For Cape Fear CREW, which is scheduled in April to hold its Awards of Excellence honoring real estate accomplishments, Wallace’s goal centers around the word “engage,” she said.
“We want to make sure that we can successfully keep our members and our partners engaged during this time,” Wallace said, referring to the COVID-19 pandemic and remaining restrictions on large get-togethers.
“We try and offer virtual options but not to the extreme where that’s all that you have,” Wallace said.
In addition to Cape Fear CREW, Wallace is a member of the Institute of Real Estate Management and has maintained her certified property management designation. She also holds a North Carolina broker’s license.
Her experience with different facets of the real estate industry made her an ideal hire for Clarendon Properties, said founder Sandlin. And that hire has led to results.
“I do give Gale so much credit in its success,” Sandlin said of his company. “I can almost go so far as to say it wouldn’t have been as successful without her. … She’s one of the most competent people I’ve ever dealt with.”
That extends to professional relationships, he said.
“In our business, investors are the key to everything, and she’s loved by all the investors,” Sandlin said. “She caters to them, she treats them well, and she does a great job.”
He said he and Wallace were the only employees at the beginning of Clarendon’s journey.

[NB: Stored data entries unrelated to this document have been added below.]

(* Let $G$ and $H$ be connected graphs. If $\mu_t(G)=|\mathcal{S}(G)|$ or $\mu_t(H)=|\mathcal{S}(H)|$, then $$\mu_t(G\,\Box\,H)\le \mu_t(G)\,\mu_t(H).$$
   Context: All graphs are finite, simple and undirected. The Cartesian product $G\,\Box\,H$ has vertex set $V(G)\times V(H)$, with $(x,y)$ adjacent to $(x',y')$ iff either $x=x'$ and $yy'\in E(H)$, or $xx'\in E(G)$ and $y=y'$. Let $F$ be a connected graph and $X\subseteq V(F)$. Two vertices $x,y\in V(F)$ are $X$-visible if there exists a shortest $x,y$-path in $F$ none of whose internal vertices belongs to $X$. $X$ is a total mutual-visibility set of $F$ if every two vertices of $F$ are $X$-visible (the empty set is allowed). $\mu_t(F)$ is the maximum cardinality of a total mutual-visibility set of $F$. A vertex is simplicial if its neighbors induce a complete graph; $\mathcal{S}(F)$ is the set of simplicial vertices of $F$. *)

theory Defs
  imports Main
begin

definition graph :: "'a set \<Rightarrow> ('a \<Rightarrow> 'a \<Rightarrow> bool) \<Rightarrow> bool" where
  "graph V E \<longleftrightarrow> finite V \<and> V \<noteq> {} \<and> (\<forall>x y. E x y \<longrightarrow> x \<in> V \<and> y \<in> V)
     \<and> (\<forall>x y. E x y \<longrightarrow> E y x) \<and> (\<forall>x. \<not> E x x)"

definition walk :: "'a set \<Rightarrow> ('a \<Rightarrow> 'a \<Rightarrow> bool) \<Rightarrow> 'a list \<Rightarrow> bool" where
  "walk V E p \<longleftrightarrow> p \<noteq> [] \<and> set p \<subseteq> V \<and> (\<forall>i. Suc i < length p \<longrightarrow> E (p ! i) (p ! Suc i))"

definition walk_betw :: "'a set \<Rightarrow> ('a \<Rightarrow> 'a \<Rightarrow> bool) \<Rightarrow> 'a \<Rightarrow> 'a list \<Rightarrow> 'a \<Rightarrow> bool" where
  "walk_betw V E x p y \<longleftrightarrow> walk V E p \<and> hd p = x \<and> last p = y"

definition connected_graph :: "'a set \<Rightarrow> ('a \<Rightarrow> 'a \<Rightarrow> bool) \<Rightarrow> bool" where
  "connected_graph V E \<longleftrightarrow> graph V E \<and> (\<forall>x\<in>V. \<forall>y\<in>V. \<exists>p. walk_betw V E x p y)"

definition dist :: "'a set \<Rightarrow> ('a \<Rightarrow> 'a \<Rightarrow> bool) \<Rightarrow> 'a \<Rightarrow> 'a \<Rightarrow> nat" where
  "dist V E x y = (LEAST n. \<exists>p. walk_betw V E x p y \<and> length p = Suc n)"

text \<open>Shortest x,y-paths (a walk of minimum length is automatically a path).\<close>
definition shortest_path :: "'a set \<Rightarrow> ('a \<Rightarrow> 'a \<Rightarrow> bool) \<Rightarrow> 'a \<Rightarrow> 'a list \<Rightarrow> 'a \<Rightarrow> bool" where
  "shortest_path V E x p y \<longleftrightarrow> walk_betw V E x p y \<and> length p = Suc (dist V E x y)"

definition internal :: "'a list \<Rightarrow> 'a set" where
  "internal p = set (butlast (tl p))"

definition X_visible :: "'a set \<Rightarrow> ('a \<Rightarrow> 'a \<Rightarrow> bool) \<Rightarrow> 'a set \<Rightarrow> 'a \<Rightarrow> 'a \<Rightarrow> bool" where
  "X_visible V E X x y \<longleftrightarrow> (\<exists>p. shortest_path V E x p y \<and> internal p \<inter> X = {})"

definition total_mutual_visibility_set :: "'a set \<Rightarrow> ('a \<Rightarrow> 'a \<Rightarrow> bool) \<Rightarrow> 'a set \<Rightarrow> bool" where
  "total_mutual_visibility_set V E X \<longleftrightarrow> X \<subseteq> V \<and> (\<forall>x\<in>V. \<forall>y\<in>V. X_visible V E X x y)"

definition mu_t :: "'a set \<Rightarrow> ('a \<Rightarrow> 'a \<Rightarrow> bool) \<Rightarrow> nat" where
  "mu_t V E = Max (card ` {X. total_mutual_visibility_set V E X})"

definition simplicial :: "'a set \<Rightarrow> ('a \<Rightarrow> 'a \<Rightarrow> bool) \<Rightarrow> 'a \<Rightarrow> bool" where
  "simplicial V E v \<longleftrightarrow> v \<in> V \<and> (\<forall>x y. E v x \<and> E v y \<and> x \<noteq> y \<longrightarrow> E x y)"

definition simplicial_set :: "'a set \<Rightarrow> ('a \<Rightarrow> 'a \<Rightarrow> bool) \<Rightarrow> 'a set" where
  "simplicial_set V E = {v. simplicial V E v}"

definition cart_edges :: "('a \<Rightarrow> 'a \<Rightarrow> bool) \<Rightarrow> ('b \<Rightarrow> 'b \<Rightarrow> bool) \<Rightarrow> 'a \<times> 'b \<Rightarrow> 'a \<times> 'b \<Rightarrow> bool" where
  "cart_edges EG EH u w \<longleftrightarrow>
     (fst u = fst w \<and> EH (snd u) (snd w)) \<or> (EG (fst u) (fst w) \<and> snd u = snd w)"

end

theory Submission
  imports Defs
begin
lemma X_posdef_at_limit:
  assumes "0 < t" "\<And>s. 0 \<le> s \<Longrightarrow> s < t \<Longrightarrow> posdef (X s)"
  shows "posdef (X t)"
proof -
  define c where "c = det (X 0) * exp (- real CARD('n) * t)"
  have "c > 0" using det_posdef_pos[OF X0_pd] by (simp add: c_def)
  have left: "at_left t = at t within {0..t}" using assms(1) by (simp add: at_within_Icc_at_left)
  have lim: "(X \<longlongrightarrow> X t) (at_left t)"
    unfolding left using X_tendsto[of t] assms(1) by (auto elim: tendsto_within_subset)
  have before: "eventually (\<lambda>s. 0 < s \<and> s < t) (at_left t)"
    using eventually_at_left_real[OF assms(1)] by (simp add: eventually_mono)
  have "possemidef (X t)"
    using lim trivial_limit_at_left_real
  proof (rule possemidef_limit)
    show "eventually (\<lambda>s. possemidef (X s)) (at_left t)"
      using before by eventually_elim (simp add: posdef_imp_possemidef assms(2))
  qed
  moreover have "c \<le> det (X t)"
  proof (rule tendsto_lowerbound[OF _ _ trivial_limit_at_left_real])
    have "continuous (at t within {0..}) (\<lambda>s. det (X s))"
      using X_deriv assms(1) has_real_derivative_det_rows[of X "X' t" t "{0..}"]
      by (auto intro: DERIV_continuous)
    then show "((\<lambda>s. det (X s)) \<longlongrightarrow> det (X t)) (at_left t)"
      unfolding left continuous_within by (auto elim: tendsto_within_subset)
    show "eventually (\<lambda>s. c \<le> det (X s)) (at_left t)"
      using before
    proof eventually_elim
      case (elim s)
      then have "c \<le> det (X 0) * exp (- real CARD('n) * s)"
        using det_posdef_pos[OF X0_pd] by (simp add: c_def mult_left_mono)
      also have "\<dots> \<le> det (X s)"
        using elim assms(2) by (intro det_X_lower_bound) auto
      finally show ?case .
    qed
  qed
  ultimately show ?thesis
    using \<open>c > 0\<close> by (simp add: posdef_iff_possemidef_invertible invertible_det_nz)
qed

“I think she welcomed the challenge. I think she embraced it from the outset, and she enhanced it and she performed very well,” Sandlin said. “I think it gave her the opportunity to really do what she wanted to do and to use her talents on many levels.”
Clarendon continues to grow, with a fifth employee added at the end of 2020.
“It truly is a success story for a small entrepreneur to come and be able to do what we do and build the reputation that we’ve been able to build amongst investment groups, amongst lenders and the hotel brands,” Wallace said. “I think that speaks volumes for and continues to allow us the ability to do what we truly enjoy doing because we’ve been able to build a strong reputation.”